For those unaware of the fact, Aaron was yesterday playing his piano on the Great Wall of China.  He has made something of a specialism of playing his piano in weird and wonderful places, and has earned a place in the Guinness Book of Records for the highest piano performance when he played, in August 2011, on the peak of a Swiss mountain at an elevation of 4206 meters. 

So why does he choose an orange piano?  Parsons in Hong Kong currently has both a totally transparent piano and a “Ferrari” piano – a grand piano shaped like a Ferrari and coloured dazzling scarlet.  I’m quite sure that if Aaron was out to create a purely visual spectacle, these would have done him much better than the humble orange upright depicted below.  Similarly, a white piano to blend in with the Swiss snow or a grey one to match the Great Wall, would have made sense.  But no, he is insistent that the piano he chooses for these ventures into stratospherically improbable venues is orange, and the clue comes from his own comment when asked why he does it; "I want to put my orange piano, whose colour fits the positive energy of my songs, in unusual places and see what happens".  He creates a new piece to suit the location, but sees the orange of the piano as an essential means of communicating “positive energy”.  Is this a further manifestation of synaesthesia?
Certainly Aaron’s choice of orange fits in with what Psychology Today suggests are the subliminal messages sent out by the colour; “Orange calls to mind feelings of excitement, enthusiasm, and warmth. Orange is often used to draw attention, such as in traffic signs and advertising”.  But how do other musicians see orange?  Scriabin associated orange with G major (see below), a key which many also associate with strength and conviction (the British national anthem, for example, is always played in G major).

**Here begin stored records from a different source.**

(* Let $(\alpha_n)_{n\ge0}\in\mathbb{D}^\infty$ and $k\in\mathbb{Z}_+$. If $G^{(1)},G^{(2)}\in A_{2k}$ have the same image under the quotient map $\psi_{2k}:A_{2k}\to B_{2k}$, then there exists $C<\infty$ (possibly depending on $G^{(1)},G^{(2)}$, but not on $N$) such that for every $N\in\mathbb{Z}_+$, $$\Big|\sum_{n=0}^N[\phi_{2k}(G^{(1)})]_n-\sum_{n=0}^N[\phi_{2k}(G^{(2)})]_n\Big|<C .$$
   Context: $\mathbb{D}$ is the open unit disk. $A_{2k}:=\mathbb{C}[x_1,y_1,\dots,x_k,y_k]$, $B_{2k}:=A_{2k}/(\prod_{i=1}^kx_iy_i-1)$, and $\psi_{2k}$ is the natural quotient homomorphism. $\phi_{2k}$ is the linear map from $A_{2k}$ to complex sequences defined on monomials by $[\phi_{2k}(\prod_{i=1}^k x_i^{\beta_i}y_i^{\gamma_i})]_n=\prod_{i=1}^k\alpha_{n+\beta_i}\overline{\alpha_{n+\gamma_i}}$ for all $\beta_i,\gamma_i\in\mathbb{N}$. *)

theory Defs
  imports "HOL-Analysis.Analysis" "HOL-Library.Poly_Mapping"
begin

text \<open>Multivariate polynomials over the complex numbers in the variables
  x_i = (i, False) and y_i = (i, True), i :: nat, represented as finitely supported
  maps from monomials (finitely supported exponent maps) to coefficients.\<close>

type_synonym cvar = "nat \<times> bool"
type_synonym cpoly = "((cvar \<Rightarrow>\<^sub>0 nat) \<Rightarrow>\<^sub>0 complex)"

text \<open>Membership in A_{2k} = C[x_1,y_1,...,x_k,y_k] (variables indexed 0..k-1).\<close>
definition inA :: "nat \<Rightarrow> cpoly \<Rightarrow> bool" where
  "inA k G \<longleftrightarrow> (\<forall>m\<in>Poly_Mapping.keys G. \<forall>v\<in>Poly_Mapping.keys (m :: cvar \<Rightarrow>\<^sub>0 nat). fst v < k)"

definition prodxy :: "nat \<Rightarrow> cpoly" where
  "prodxy k = Poly_Mapping.single (\<Sum>i<k. Poly_Mapping.single (i, False) 1 + Poly_Mapping.single (i, True) 1) 1"

text \<open>psi_{2k}(G1) = psi_{2k}(G2) in B_{2k} = A_{2k}/(prod x_i y_i - 1), i.e. G1 - G2 lies
  in the ideal of A_{2k} generated by prod x_i y_i - 1.\<close>
definition same_psi :: "nat \<Rightarrow> cpoly \<Rightarrow> cpoly \<Rightarrow> bool" where
  "same_psi k G1 G2 \<longleftrightarrow> (\<exists>H. inA k H \<and> G1 - G2 = H * (prodxy k - 1))"

definition phi :: "nat \<Rightarrow> (nat \<Rightarrow> complex) \<Rightarrow> cpoly \<Rightarrow> nat \<Rightarrow> complex" where
  "phi k \<alpha> G n = (\<Sum>m\<in>Poly_Mapping.keys G. Poly_Mapping.lookup G m *
      (\<Prod>i<k. \<alpha> (n + Poly_Mapping.lookup m (i, False)) * cnj (\<alpha> (n + Poly_Mapping.lookup m (i, True)))))"

end

theory Submission imports Defs begin

text \<open>Multiplying a polynomial by \<open>\<Prod>i<k. x\<^sub>i y\<^sub>i\<close> raises every exponent by one, which under
  \<open>\<phi>\<^sub>2\<^sub>k\<close> shifts the sequence index by one. Hence \<open>\<phi>\<^sub>2\<^sub>k(H (\<Prod> x\<^sub>i y\<^sub>i - 1))\<close> is the difference
  sequence of \<open>\<phi>\<^sub>2\<^sub>k(H)\<close>, and its partial sums telescope to two values of \<open>\<phi>\<^sub>2\<^sub>k(H)\<close>. Since
  \<open>|\<alpha>\<^sub>n| < 1\<close>, every entry of \<open>\<phi>\<^sub>2\<^sub>k(H)\<close> is bounded by the \<open>\<ell>\<^sup>1\<close>-norm of the coefficients of \<open>H\<close>.\<close>

definition phi_monomial :: "nat \<Rightarrow> (nat \<Rightarrow> complex) \<Rightarrow> (cvar \<Rightarrow>\<^sub>0 nat) \<Rightarrow> nat \<Rightarrow> complex" where
  "phi_monomial k \<alpha> m n =
     (\<Prod>i<k. \<alpha> (n + Poly_Mapping.lookup m (i, False)) * cnj (\<alpha> (n + Poly_Mapping.lookup m (i, True))))"

definition xy_exponent :: "nat \<Rightarrow> cvar \<Rightarrow>\<^sub>0 nat" where
  "xy_exponent k = (\<Sum>i<k. Poly_Mapping.single (i, False) 1 + Poly_Mapping.single (i, True) 1)"

lemma prodxy_eq_single: "prodxy k = Poly_Mapping.single (xy_exponent k) 1"
  by (simp add: prodxy_def xy_exponent_def)

lemma lookup_xy_exponent: "i < k \<Longrightarrow> Poly_Mapping.lookup (xy_exponent k) (i, b) = 1"
  unfolding xy_exponent_def
  by (cases b) (simp_all add: lookup_sum lookup_add lookup_single when_def)

lemma phi_monomial_add_xy_exponent:
  "phi_monomial k \<alpha> (m + xy_exponent k) n = phi_monomial k \<alpha> m (Suc n)"
  unfolding phi_monomial_def by (intro prod.cong) (simp_all add: lookup_add lookup_xy_exponent)

lemma norm_phi_monomial_le_1:
  assumes "\<And>n. norm (\<alpha> n) \<le> 1"
  shows "norm (phi_monomial k \<alpha> m n) \<le> 1"
  unfolding phi_monomial_def prod_norm[symmetric]
  by (rule prod_le_1) (simp_all add: norm_mult mult_le_one assms)

lemma phi_eq_sum_superset:
  assumes "finite S" "Poly_Mapping.keys G \<subseteq> S"
  shows "phi k \<alpha> G n = (\<Sum>m\<in>S. Poly_Mapping.lookup G m * phi_monomial k \<alpha> m n)"
  unfolding phi_def phi_monomial_def
  by (rule sum.mono_neutral_left) (use assms in \<open>auto simp: in_keys_iff\<close>)

lemma phi_diff: "phi k \<alpha> (A - B) n = phi k \<alpha> A n - phi k \<alpha> B n"
proof -
  let ?S = "Poly_Mapping.keys A \<union> Poly_Mapping.keys B"
  have "Poly_Mapping.keys (A - B) \<subseteq> ?S" by (auto simp: in_keys_iff lookup_minus)
  then show ?thesis
    by (simp add: phi_eq_sum_superset[of ?S] lookup_minus left_diff_distrib sum_subtractf)
qed

lemma lookup_mult_single_one:
  fixes H :: "'a::cancel_comm_monoid_add \<Rightarrow>\<^sub>0 'b::comm_semiring_1"
  shows "Poly_Mapping.lookup (H * Poly_Mapping.single p 1) (m + p) = Poly_Mapping.lookup H m"
proof -
  have single_factor: "(\<Sum>q. Poly_Mapping.lookup (Poly_Mapping.single p 1) q when m + p = l + q)
      = ((1::'b) when l = m)" for l
  proof -
    have "(\<Sum>q. Poly_Mapping.lookup (Poly_Mapping.single p 1) q when m + p = l + q)
        = (\<Sum>q. ((1::'b) when l = m) when q = p)"
      by (rule Sum_any.cong) (auto simp: lookup_single when_def)
    then show ?thesis by simp
  qed
  have "Poly_Mapping.lookup (H * Poly_Mapping.single p 1) (m + p)
      = Sum_any (\<lambda>l. Poly_Mapping.lookup H l when l = m)"
    by (simp add: lookup_mult single_factor mult_when)
  then show ?thesis by simp
qed

lemma phi_mult_prodxy: "phi k \<alpha> (H * prodxy k) n = phi k \<alpha> H (Suc n)"
proof -
  let ?p = "xy_exponent k"
  have "Poly_Mapping.keys (H * prodxy k) \<subseteq> (\<lambda>m. m + ?p) ` Poly_Mapping.keys H"
    using keys_mult[of H "prodxy k"] by (auto simp: prodxy_eq_single)
  then have "phi k \<alpha> (H * prodxy k) n
      = (\<Sum>m\<in>(\<lambda>m. m + ?p) ` Poly_Mapping.keys H. Poly_Mapping.lookup (H * prodxy k) m * phi_monomial k \<alpha> m n)"
    by (simp add: phi_eq_sum_superset)
  also have "\<dots> = (\<Sum>m\<in>Poly_Mapping.keys H. Poly_Mapping.lookup (H * prodxy k) (m + ?p) * phi_monomial k \<alpha> (m + ?p) n)"
    by (subst sum.reindex) (auto simp: inj_on_def)
  also have "\<dots> = (\<Sum>m\<in>Poly_Mapping.keys H. Poly_Mapping.lookup H m * phi_monomial k \<alpha> m (Suc n))"
    by (simp add: prodxy_eq_single lookup_mult_single_one phi_monomial_add_xy_exponent)
  also have "\<dots> = phi k \<alpha> H (Suc n)"
    by (rule phi_eq_sum_superset[symmetric]) simp_all
  finally show ?thesis .
qed

lemma sum_phi_mult_prodxy_minus_one:
  "(\<Sum>n\<le>N. phi k \<alpha> (H * (prodxy k - 1)) n) = phi k \<alpha> H (Suc N) - phi k \<alpha> H 0"
proof -
  have "(\<Sum>n\<le>N. phi k \<alpha> (H * (prodxy k - 1)) n) = (\<Sum>n<Suc N. phi k \<alpha> H (Suc n) - phi k \<alpha> H n)"
    by (simp add: right_diff_distrib phi_diff phi_mult_prodxy lessThan_Suc_atMost)
  also have "\<dots> = phi k \<alpha> H (Suc N) - phi k \<alpha> H 0"
    by (rule sum_lessThan_telescope)
  finally show ?thesis .
qed

lemma norm_phi_le_coeff_norm_sum:
  assumes "\<And>n. norm (\<alpha> n) \<le> 1"
  shows "norm (phi k \<alpha> H n) \<le> (\<Sum>m\<in>Poly_Mapping.keys H. norm (Poly_Mapping.lookup H m))"
proof -
  have "norm (phi k \<alpha> H n) \<le> (\<Sum>m\<in>Poly_Mapping.keys H. norm (Poly_Mapping.lookup H m * phi_monomial k \<alpha> m n))"
    unfolding phi_eq_sum_superset[OF finite_keys order_refl] by (rule norm_sum)
  also have "\<dots> \<le> (\<Sum>m\<in>Poly_Mapping.keys H. norm (Poly_Mapping.lookup H m))"
    by (intro sum_mono)
       (simp add: norm_mult mult_left_le norm_phi_monomial_le_1[OF assms])
  finally show ?thesis .
qed

theorem lemma2:
  fixes \<alpha> :: "nat \<Rightarrow> complex" and k :: nat and G1 G2 :: cpoly
  assumes "\<And>n. norm (\<alpha> n) < 1"
    and "k \<ge> 1"
    and "inA k G1" and "inA k G2"
    and "same_psi k G1 G2"
  shows "\<exists>C::real. \<forall>N::nat. N \<ge> 1 \<longrightarrow>
           norm ((\<Sum>n\<le>N. phi k \<alpha> G1 n) - (\<Sum>n\<le>N. phi k \<alpha> G2 n)) < C"
proof -
  obtain H where H: "G1 - G2 = H * (prodxy k - 1)"
    using assms(5) by (auto simp: same_psi_def)
  define B where "B = (\<Sum>m\<in>Poly_Mapping.keys H. norm (Poly_Mapping.lookup H m))"
  have bound: "norm (phi k \<alpha> H n) \<le> B" for n
    unfolding B_def by (rule norm_phi_le_coeff_norm_sum) (simp add: assms(1) less_imp_le)
  have "norm ((\<Sum>n\<le>N. phi k \<alpha> G1 n) - (\<Sum>n\<le>N. phi k \<alpha> G2 n)) < 2 * B + 1" for N
  proof -
    have "(\<Sum>n\<le>N. phi k \<alpha> G1 n) - (\<Sum>n\<le>N. phi k \<alpha> G2 n) = phi k \<alpha> H (Suc N) - phi k \<alpha> H 0"
      by (simp add: sum_subtractf[symmetric] phi_diff[symmetric] H sum_phi_mult_prodxy_minus_one)
    then show ?thesis
      using norm_triangle_ineq4[of "phi k \<alpha> H (Suc N)" "phi k \<alpha> H 0"] bound[of "Suc N"] bound[of 0]
      by simp
  qed
  then show ?thesis by blast
qed

end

However, in 1806 Christian Schubart published a list of keys and their associated qualities as revealed by (as he saw it) the use of those keys by classical composers.  In his list, G major was associated with “Everything rustic, idyllic and lyrical, every calm and satisfied passion, every tender gratitude for true friendship and faithful love.  In a word every gentle and peaceful emotion of the heart is correctly expressed by this key”. Sir Isaac Newton saw in the colours of the spectrum an equivalent with musical intervals; in which orange represented the interval of a minor 3rd. But for another of music’s synaesthetes, American composer Amy Beach, orange had no musical associations whatsoever (for her the key of G major was bright red).  

It would be interesting to know whether Aaron was playing his “song” in G major to reinforce the orangeness of the piano, thereby associating himself with the Skryabin’s view, or with a prominence of minor 3rds, thereby following the Newton theory.  My guess, however, is that he had read this on www.empower-yourself-with-color-psychology.com ; “The colour orange relates to social communication, stimulating two way conversations. A warm and inviting colour, it is both physically and mentally stimulating, so it gets people thinking and talking!” As, indeed, should all music, wherever it is performed and on whatever coloured instrument.